# Plantless tank species recommendations?



## laoshun (Apr 3, 2012)

Hey guys, I was thinking about doing a plantless tank since my betta tank is heavily planted, does anyone have a good recommendation on a fish type (schooling or non-schooling) that would be perfect for this sort of environment?

Thanks in advanced.


----------



## kfryman (Nov 7, 2011)

Most fish come from areas with plants. If you want you could do dwarf cichlids and keep them in a pair in a 10 gallon tank. They only require freshwater shells, so es cargo shells work. They enjoy things in the tank as well like rocks.


----------



## thekoimaiden (Oct 19, 2011)

Kfryman is right. Most fish come from waters with either marginal plants or floating plants, and all will benefit from plants. If you want to do a plantless tank, you could a biotope for something like a hillstream loach. They come from fast-flowing waters with no plants. Look into more biotopes and you'll find some other ideas. 
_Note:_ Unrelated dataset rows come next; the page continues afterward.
theorem prob_mu_formula_gt_exp_le:
  fixes s :: real
  assumes "1 \<le> k" "k \<le> n"
    and s_small: "s + 7 + k \<le> n / (80000 * real k ^ 2)"
    and m_large: "4 * 2 ^ k * s \<le> m"
  shows "measure_pmf.prob (random_formula n k m) {Cs. exp (- s) < mu_formula n m Cs} \<le> (1/2) ^ m"
proof -
  define \<gamma> :: real where "\<gamma> = 1 / (400 * k)"
  define A where "A = 2 ^ n * exp (- s)"
  have few_close: "2 ^ n * exp (- 2 * real n * \<gamma> ^ 2) \<le> A / 128 / 2 ^ k"
  proof -
    have "- 2 * real n * \<gamma> ^ 2 \<le> - s - real (7 + k)"
      using s_small by (simp add: \<gamma>_def power2_eq_square)
    then have "exp (- 2 * real n * \<gamma> ^ 2) \<le> exp (- s) / exp (real (7 + k))"
      by (simp add: exp_diff[symmetric])
    also have "\<dots> \<le> exp (- s) / 2 ^ (7 + k)"
      by (intro divide_left_mono power_two_le_exp) auto
    finally show ?thesis
      by (simp add: A_def power_add field_simps)
  qed
  have shrinking: "2 ^ n * (1 - 1 / 2 ^ k / 2) ^ (m div 2 + 1) \<le> A"
  proof -
    define q :: real where "q = 1 / 2 ^ k / 2"
    have "(1::real) \<le> 2 ^ k"
      by simp
    then have "1 \<le> (2::real) ^ k * 2"
      by linarith
    then have "q \<le> 1"
      by (simp add: q_def)
    then have "(1 - q) ^ (m div 2 + 1) \<le> exp (- q) ^ (m div 2 + 1)"
      using exp_ge_add_one_self[of "- q"] by (intro power_mono) auto
    also have "\<dots> = exp (- (q * (m div 2 + 1)))"
      by (subst exp_of_nat_mult[symmetric]) (simp add: mult.commute)
    also have "\<dots> \<le> exp (- s)"
    proof -
      have "s \<le> q * (m / 2)"
        using m_large by (simp add: q_def field_simps)
      also have "\<dots> \<le> q * (m div 2 + 1)"
        by (intro mult_left_mono) (auto simp: q_def)
      finally show ?thesis
        by simp
    qed
    finally show ?thesis
      by (simp add: A_def q_def)
  qed
  have "measure_pmf.prob (random_formula n k m) {Cs. A / 2 ^ n < mu_formula n m Cs} \<le> (1/2) ^ m"
    using assms(1,2) half_plus_power_le[OF assms(1)]
    by (intro prob_mu_formula_gt_le[OF _ _ _ _ few_close shrinking]) (auto simp: \<gamma>_def)
  then show ?thesis
    by (simp add: A_def)
qed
Or cichlids. They are notorious plant-shredders, but they also need tanks larger than 55 gallons.


----------



## Olympia (Aug 25, 2011)

Hillstream loach and mountain minnow river is one of my dream tanks. :-D
But you need high high filtration for the loach.
_Posted via Mobile Device_


----------



## Sakura8 (May 12, 2011)

How big is the tank? A single convict would work fine in a 20gal long and they CAN'T have plants. They tear them to pieces with their digging. 

Goldfish don't really *need* plants but they require at least 20-30gals too.


----------



## LittleBettaFish (Oct 2, 2010)

You could do a blackwater type set-up using something like Sparkling Gouramis or some kind of rasbora/tetra. 

All you need is a sandy substrate, a few root looking branches, some leaf litter and maybe a couple of handfuls of peat. I always think they look spectacular when done properly.

http://www.flickr.com/photos/simulationeight/4671353309/in/photostream

Something like that would be awesome.


----------